Start of Data for processing

lemma finite_mi_abs_le: "finite {\<alpha>::'d::finite \<Rightarrow> nat. mi_abs \<alpha> \<le> n}"
proof (rule finite_subset)
  have "\<alpha> i \<le> mi_abs \<alpha>" for \<alpha> :: "'d \<Rightarrow> nat" and i
    unfolding mi_abs_def by (rule member_le_sum) auto
  then show "{\<alpha>::'d \<Rightarrow> nat. mi_abs \<alpha> \<le> n} \<subseteq> Pi\<^sub>E UNIV (\<lambda>_. {..n})"
    by (auto intro: le_trans)
qed (auto intro: finite_PiE)

lemma mono_pow_scaleR: "mono_pow (r *\<^sub>R \<xi>) \<alpha> = r ^ mi_abs \<alpha> * mono_pow \<xi> \<alpha>"
  unfolding mono_pow_def mi_abs_def by (simp add: power_mult_distrib prod.distrib power_sum)

lemma abs_mono_pow_le: "\<bar>mono_pow \<xi> \<alpha>\<bar> \<le> norm \<xi> ^ mi_abs \<alpha>"
proof -
  have "\<bar>mono_pow \<xi> \<alpha>\<bar> = (\<Prod>i\<in>UNIV. \<bar>\<xi> $ i\<bar> ^ \<alpha> i)"
    unfolding mono_pow_def by (simp add: abs_prod power_abs)
  also have "\<dots> \<le> (\<Prod>i\<in>UNIV. norm \<xi> ^ \<alpha> i)"
    by (intro prod_mono conjI power_mono component_le_norm_cart) auto
  also have "\<dots> = norm \<xi> ^ mi_abs \<alpha>" unfolding mi_abs_def by (simp add: power_sum)
  finally show ?thesis .
qed

lemma symb_scaleR_homogeneous:
  assumes "\<forall>\<alpha>. mi_abs \<alpha> \<noteq> m \<longrightarrow> p \<alpha> = 0"
  shows "symb m p (r *\<^sub>R \<xi>) = r ^ m *\<^sub>R symb m p \<xi>"
proof -
  have "symb m p (r *\<^sub>R \<xi>) = (\<Sum>\<alpha>\<in>{\<alpha>. mi_abs \<alpha> \<le> m}. r ^ m *\<^sub>R (mono_pow \<xi> \<alpha> *\<^sub>R p \<alpha>))"
    unfolding symb_def using assms by (intro sum.cong) (auto simp: mono_pow_scaleR)
  then show ?thesis unfolding symb_def by (simp add: scaleR_sum_right)
qed

lemma symb_add_lower_order:
  assumes "m \<ge> 1" and "\<forall>\<alpha>. mi_abs \<alpha> \<ge> m \<longrightarrow> b \<alpha> = 0"
  shows "symb m (\<lambda>\<alpha>. p \<alpha> + b \<alpha>) \<xi> = symb m p \<xi> + symb (m - 1) b \<xi>"
proof -
  have "symb m b \<xi> = symb (m - 1) b \<xi>"
    unfolding symb_def using assms
    by (intro sum.mono_neutral_right finite_mi_abs_le) auto
  then show ?thesis unfolding symb_def by (simp add: scaleR_add_right sum.distrib)
qed

lemma norm_symb_le:
  "norm (symb n b \<xi>) \<le> (\<Sum>\<alpha>\<in>{\<alpha>. mi_abs \<alpha> \<le> n}. norm (b \<alpha>)) * (1 + norm \<xi>) ^ n"
proof -
  have "\<bar>mono_pow \<xi> \<alpha>\<bar> \<le> (1 + norm \<xi>) ^ n" if "mi_abs \<alpha> \<le> n" for \<alpha>
  proof -
    have "\<bar>mono_pow \<xi> \<alpha>\<bar> \<le> norm \<xi> ^ mi_abs \<alpha>" by (rule abs_mono_pow_le)
    also have "\<dots> \<le> (1 + norm \<xi>) ^ mi_abs \<alpha>" by (intro power_mono) auto
    also have "\<dots> \<le> (1 + norm \<xi>) ^ n" using that by (intro power_increasing) auto
    finally show ?thesis .
  qed
  then have "norm (mono_pow \<xi> \<alpha> *\<^sub>R b \<alpha>) \<le> norm (b \<alpha>) * (1 + norm \<xi>) ^ n"
    if "mi_abs \<alpha> \<le> n" for \<alpha>
    using that by (simp add: mult.commute[of "norm (b \<alpha>)"] mult_right_mono)
  then have "norm (symb n b \<xi>) \<le> (\<Sum>\<alpha>\<in>{\<alpha>. mi_abs \<alpha> \<le> n}. norm (b \<alpha>) * (1 + norm \<xi>) ^ n)"
    unfolding symb_def by (intro norm_sum[THEN order_trans] sum_mono) auto
  then show ?thesis by (simp add: sum_distrib_right)
qed

lemma norm_symb_le_N0: "norm (symb n b \<xi>) \<le> N0 n (symb n b) * (1 + norm \<xi>) ^ n"
proof -
  have pos: "(1 + norm x) ^ n > 0" for x :: "real^'d" by (simp add: add_pos_nonneg)
  have "bdd_above (range (\<lambda>x. norm (symb n b x) / (1 + norm x) ^ n))"
  proof (rule bdd_aboveI2)
    show "norm (symb n b x) / (1 + norm x) ^ n \<le> (\<Sum>\<alpha>\<in>{\<alpha>. mi_abs \<alpha> \<le> n}. norm (b \<alpha>))" for x
      using norm_symb_le[of n b x] pos[of x] by (simp add: divide_le_eq)
  qed
  then have "norm (symb n b \<xi>) / (1 + norm \<xi>) ^ n \<le> N0 n (symb n b)"
    unfolding N0_def by (rule cSUP_upper[OF UNIV_I])
  then show ?thesis using pos[of \<xi>] by (simp add: divide_le_eq)
qed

End of Data for processing

> What you are asked to do:
Print, without alteration, only the lines above between the one holding "(simp add: add_pos_nonneg)" and the one holding "norm x) ^ n \<le>", inclusive.

> Solution for this task:
  have pos: "(1 + norm x) ^ n > 0" for x :: "real^'d" by (simp add: add_pos_nonneg)
  have "bdd_above (range (\<lambda>x. norm (symb n b x) / (1 + norm x) ^ n))"
  proof (rule bdd_aboveI2)
    show "norm (symb n b x) / (1 + norm x) ^ n \<le> (\<Sum>\<alpha>\<in>{\<alpha>. mi_abs \<alpha> \<le> n}. norm (b \<alpha>))" for x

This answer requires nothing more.